(* Every bipartite graph $G$ is strongly $\Delta(G)$-edge-orientable.
   Context: An orientation of a graph $H$ is any digraph obtained by replacing each edge $uv$ with the arc $(u,v)$, with the arc $(v,u)$, or with both arcs. A kernel of a digraph $D$ is an independent set $S$ such that every vertex of $D-S$ has an out-neighbor in $S$. $D$ is kernel-perfect if every induced subdigraph of $D$ has a kernel. For $f:V(H)\to\mathbb{N}$, an orientation $D$ of $H$ is $f$-kernel-perfect if it is kernel-perfect and $f(v)\ge 1+d^+_D(v)$ for all $v$. For $f:E(G)\to\mathbb{N}$, $G$ is $f$-edge-orientable if its line graph $L(G)$ admits an $f$-kernel-perfect orientation. For $v\in V(G)$, define $f_{k,v}:E(G)\to\mathbb{N}$ by $f_{k,v}(e)=d_G(v)$ if $e$ is incident to $v$, and $f_{k,v}(e)=k$ otherwise. $G$ is strongly $k$-edge-orientable if $G$ is $f_{k,v}$-edge-orientable for every $v\in V(G)$. *)

theory Defs
  imports Main
begin

definition graph :: "'a set \<Rightarrow> 'a set set \<Rightarrow> bool" where
  "graph V E \<longleftrightarrow> finite V \<and> (\<forall>e\<in>E. e \<subseteq> V \<and> card e = 2)"

definition bipartite :: "'a set \<Rightarrow> 'a set set \<Rightarrow> bool" where
  "bipartite V E \<longleftrightarrow> (\<exists>A \<subseteq> V. \<forall>e\<in>E. card (e \<inter> A) = 1 \<and> card (e \<inter> (V - A)) = 1)"

definition degree :: "'a set set \<Rightarrow> 'a \<Rightarrow> nat" where
  "degree E v = card {e \<in> E. v \<in> e}"

definition max_degree :: "'a set \<Rightarrow> 'a set set \<Rightarrow> nat" where
  "max_degree V E = Max (insert 0 (degree E ` V))"

definition line_adj :: "'a set set \<Rightarrow> 'a set \<Rightarrow> 'a set \<Rightarrow> bool" where
  "line_adj E e f \<longleftrightarrow> e \<in> E \<and> f \<in> E \<and> e \<noteq> f \<and> e \<inter> f \<noteq> {}"

definition orientation :: "'b set \<Rightarrow> ('b \<Rightarrow> 'b \<Rightarrow> bool) \<Rightarrow> ('b \<times> 'b) set \<Rightarrow> bool" where
  "orientation W adj D \<longleftrightarrow>
     (\<forall>(u,v)\<in>D. u \<in> W \<and> v \<in> W \<and> adj u v) \<and>
     (\<forall>u\<in>W. \<forall>v\<in>W. adj u v \<longrightarrow> (u,v) \<in> D \<or> (v,u) \<in> D)"

definition kernel_of :: "('b \<times> 'b) set \<Rightarrow> 'b set \<Rightarrow> 'b set \<Rightarrow> bool" where
  "kernel_of D X S \<longleftrightarrow> S \<subseteq> X \<and> (\<forall>u\<in>S. \<forall>v\<in>S. (u,v) \<notin> D) \<and>
     (\<forall>v\<in>X - S. \<exists>s\<in>S. (v,s) \<in> D)"

definition kernel_perfect :: "'b set \<Rightarrow> ('b \<times> 'b) set \<Rightarrow> bool" where
  "kernel_perfect W D \<longleftrightarrow> (\<forall>X \<subseteq> W. \<exists>S. kernel_of D X S)"

definition out_degree :: "('b \<times> 'b) set \<Rightarrow> 'b \<Rightarrow> nat" where
  "out_degree D v = card {u. (v,u) \<in> D}"

definition f_kernel_perfect_orientation ::
  "'b set \<Rightarrow> ('b \<Rightarrow> 'b \<Rightarrow> bool) \<Rightarrow> ('b \<Rightarrow> nat) \<Rightarrow> ('b \<times> 'b) set \<Rightarrow> bool" where
  "f_kernel_perfect_orientation W adj f D \<longleftrightarrow>
     orientation W adj D \<and> kernel_perfect W D \<and> (\<forall>v\<in>W. f v \<ge> 1 + out_degree D v)"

What is expected = Lines with the word "bipartite": how many appear in the data? State only the number.

Solution for this problem = 3